Tinkering with Tools

By Noelle Herring

My first activity working with kids… you’d think I would be less nervous given that this is what I signed up for. But doing anything new or unfamiliar gives me an uneasy feeling. I’m so predisposed to my comfort zone. And if I’m not careful, I’ll retreat so far into it that opportunities start to pass me by. As difficult at times as it may be, I am always trying to welcome unexplored challenges into my life. Doing this allows me to take control of that pesky nervous feeling, instead of letting it dictate my actions.

Back to the children’s activity. My task was to assist a group of around 8 students ranging from 3rd to 5th grade with building an imagined idea out of random stuff. They came to my host site, Home ReSource, to learn what it means to reuse materials. Because we are a building materials reuse store, the “stuff” we provided for the kids was an assortment of do-dads, trinkets, and gadgets that would have otherwise ended up as waste in a landfill. To most adults it’s just a pile of junk, but to kids it’s a pile of endless creations.

I was nervous for a few reasons. Firstly, I had a very limited history with the use of power tools leading up to this point. And by limited history, I mean all my experience came from a crash course I was given a few minutes prior to the kids’ arrival. So to be honest I was slightly terrified of acquiring power-drill related injuries. Secondly as I mentioned earlier, when I’m thrust into new situations where I don’t know exactly what to expect, anxiousness ensues. Lastly and most prominently, I was worried I wouldn’t possess the creative problem-solving skills to be able to help these starry-eyed kids bring their ideas to reality. For someone like me, disappointment is the most dreaded sentiment of them all.

Fast forward to when the requests started pouring in, “I want to attach this here!” and “how do I get this to stick to this?” I would suggest a few different options, sometimes troubleshooting until we got the outcome we were looking for. Even if I made a mistake, either I or the kids immediately came up with a backup idea. I soon realized that there was no right or wrong way to any of this. There was no correct path nor a solidified destination.

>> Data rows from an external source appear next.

lemma suminf_abs_tail_le:
  fixes e f :: "nat \<Rightarrow> real"
  assumes "summable e" and "\<And>t. \<bar>f t\<bar> \<le> e t"
  shows "(\<Sum>t. \<bar>f (Suc t)\<bar>) \<le> (\<Sum>t. e t) + f 0"
proof -
  have summable_e: "summable (\<lambda>t. e (Suc t))"
    using assms(1) by (rule summable_Suc_iff[THEN iffD2])
  have "summable (\<lambda>t. \<bar>f (Suc t)\<bar>)"
    by (rule summable_comparison_test[OF _ summable_e]) (simp add: assms(2))
  then have "(\<Sum>t. \<bar>f (Suc t)\<bar>) \<le> (\<Sum>t. e (Suc t))"
    using summable_e by (rule suminf_le[OF assms(2)])
  moreover have "(\<Sum>t. e t) = e 0 + (\<Sum>t. e (Suc t))"
    using suminf_split_head[OF assms(1)] by simp
  moreover have "\<bar>f 0\<bar> \<le> e 0"
    by (rule assms(2))
  ultimately show ?thesis
    by linarith
qed

lemma signed_series_extremes:
  fixes e f :: "nat \<Rightarrow> real"
  assumes "summable e" and "\<And>t. \<bar>f t\<bar> \<le> e t"
  defines "V \<equiv> \<lambda>\<sigma>. \<Sum>t. ennreal (e t + signs \<sigma> t * f t)"
    and "E \<equiv> (\<Sum>t. e t) + f 0" and "H \<equiv> \<Sum>t. \<bar>f (Suc t)\<bar>"
  shows "(SUP \<sigma>\<in>{\<sigma>. switching_signal 2 \<sigma>}. V \<sigma>) = ennreal (E + H)"
    and "(INF \<sigma>\<in>{\<sigma>. switching_signal 2 \<sigma>}. V \<sigma>) = ennreal (E - H)"
    and "0 \<le> E - H"
proof -
  have summable_f: "summable (\<lambda>t. \<bar>f (Suc t)\<bar>)"
  proof -
    have "summable (\<lambda>t. \<bar>f t\<bar>)"
      by (rule summable_comparison_test[OF _ assms(1)]) (simp add: assms(2))
    then show ?thesis
      by (subst summable_Suc_iff)
  qed
  have V: "V \<sigma> = ennreal (E + (\<Sum>t. signs \<sigma> (Suc t) * f (Suc t)))" for \<sigma>
    unfolding V_def E_def by (subst signed_series[OF assms(1,2)]) (simp_all add: add.assoc)
  have bound: "\<bar>\<Sum>t. signs \<sigma> (Suc t) * f (Suc t)\<bar> \<le> H" for \<sigma>
    using summable_rabs[of "\<lambda>t. signs \<sigma> (Suc t) * f (Suc t)"] summable_f
    by (simp add: abs_mult H_def)
  have attained: "\<exists>\<sigma>. switching_signal 2 \<sigma> \<and> (\<Sum>t. signs \<sigma> (Suc t) * f (Suc t)) = \<epsilon> * H"
    if "\<epsilon> = 1 \<or> \<epsilon> = -1" for \<epsilon>
    using signed_tail_attained[OF summable_f that] unfolding H_def by blast
  show "0 \<le> E - H"
    using suminf_abs_tail_le[OF assms(1,2)] by (simp add: E_def H_def)
  show "(SUP \<sigma>\<in>{\<sigma>. switching_signal 2 \<sigma>}. V \<sigma>) = ennreal (E + H)"
  proof (rule antisym)
    show "(SUP \<sigma>\<in>{\<sigma>. switching_signal 2 \<sigma>}. V \<sigma>) \<le> ennreal (E + H)"
    proof (rule SUP_least)
      show "V \<sigma> \<le> ennreal (E + H)" for \<sigma>
        unfolding V using bound[of \<sigma>] by (intro ennreal_leI) (simp add: abs_le_iff)
    qed
    obtain \<sigma> where "switching_signal 2 \<sigma>" "(\<Sum>t. signs \<sigma> (Suc t) * f (Suc t)) = H"
      using attained[of 1] by auto
    then show "ennreal (E + H) \<le> (SUP \<sigma>\<in>{\<sigma>. switching_signal 2 \<sigma>}. V \<sigma>)"
      by (intro SUP_upper2[of \<sigma>]) (simp_all add: V)
  qed
  show "(INF \<sigma>\<in>{\<sigma>. switching_signal 2 \<sigma>}. V \<sigma>) = ennreal (E - H)"
  proof (rule antisym)
    obtain \<sigma> where "switching_signal 2 \<sigma>" "(\<Sum>t. signs \<sigma> (Suc t) * f (Suc t)) = - H"
      using attained[of "-1"] by auto
    then show "(INF \<sigma>\<in>{\<sigma>. switching_signal 2 \<sigma>}. V \<sigma>) \<le> ennreal (E - H)"
      by (intro INF_lower2[of \<sigma>]) (simp_all add: V)
    show "ennreal (E - H) \<le> (INF \<sigma>\<in>{\<sigma>. switching_signal 2 \<sigma>}. V \<sigma>)"
    proof (rule INF_greatest)
      show "ennreal (E - H) \<le> V \<sigma>" for \<sigma>
        unfolding V using bound[of \<sigma>] by (intro ennreal_leI) (simp add: abs_le_iff)
    qed
  qed
qed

After I let go of my worries, I had the most fun helping build such wacky sculptures. While the kids were learning how to use physical tools to rethink waste, I was learning how to use mental tools to overcome my insecurities. Not everything has to be calculated, not everything has to be so black and white, and not everything has to be comfortable. We gain so much by challenging the barriers of our comfort– by urging the walls to expand into uncharted territory. As I move forward and encounter the unfamiliar, I will remember: even if the screw in front of me doesn’t fit, there’s a perfectly sized bolt just waiting to be found.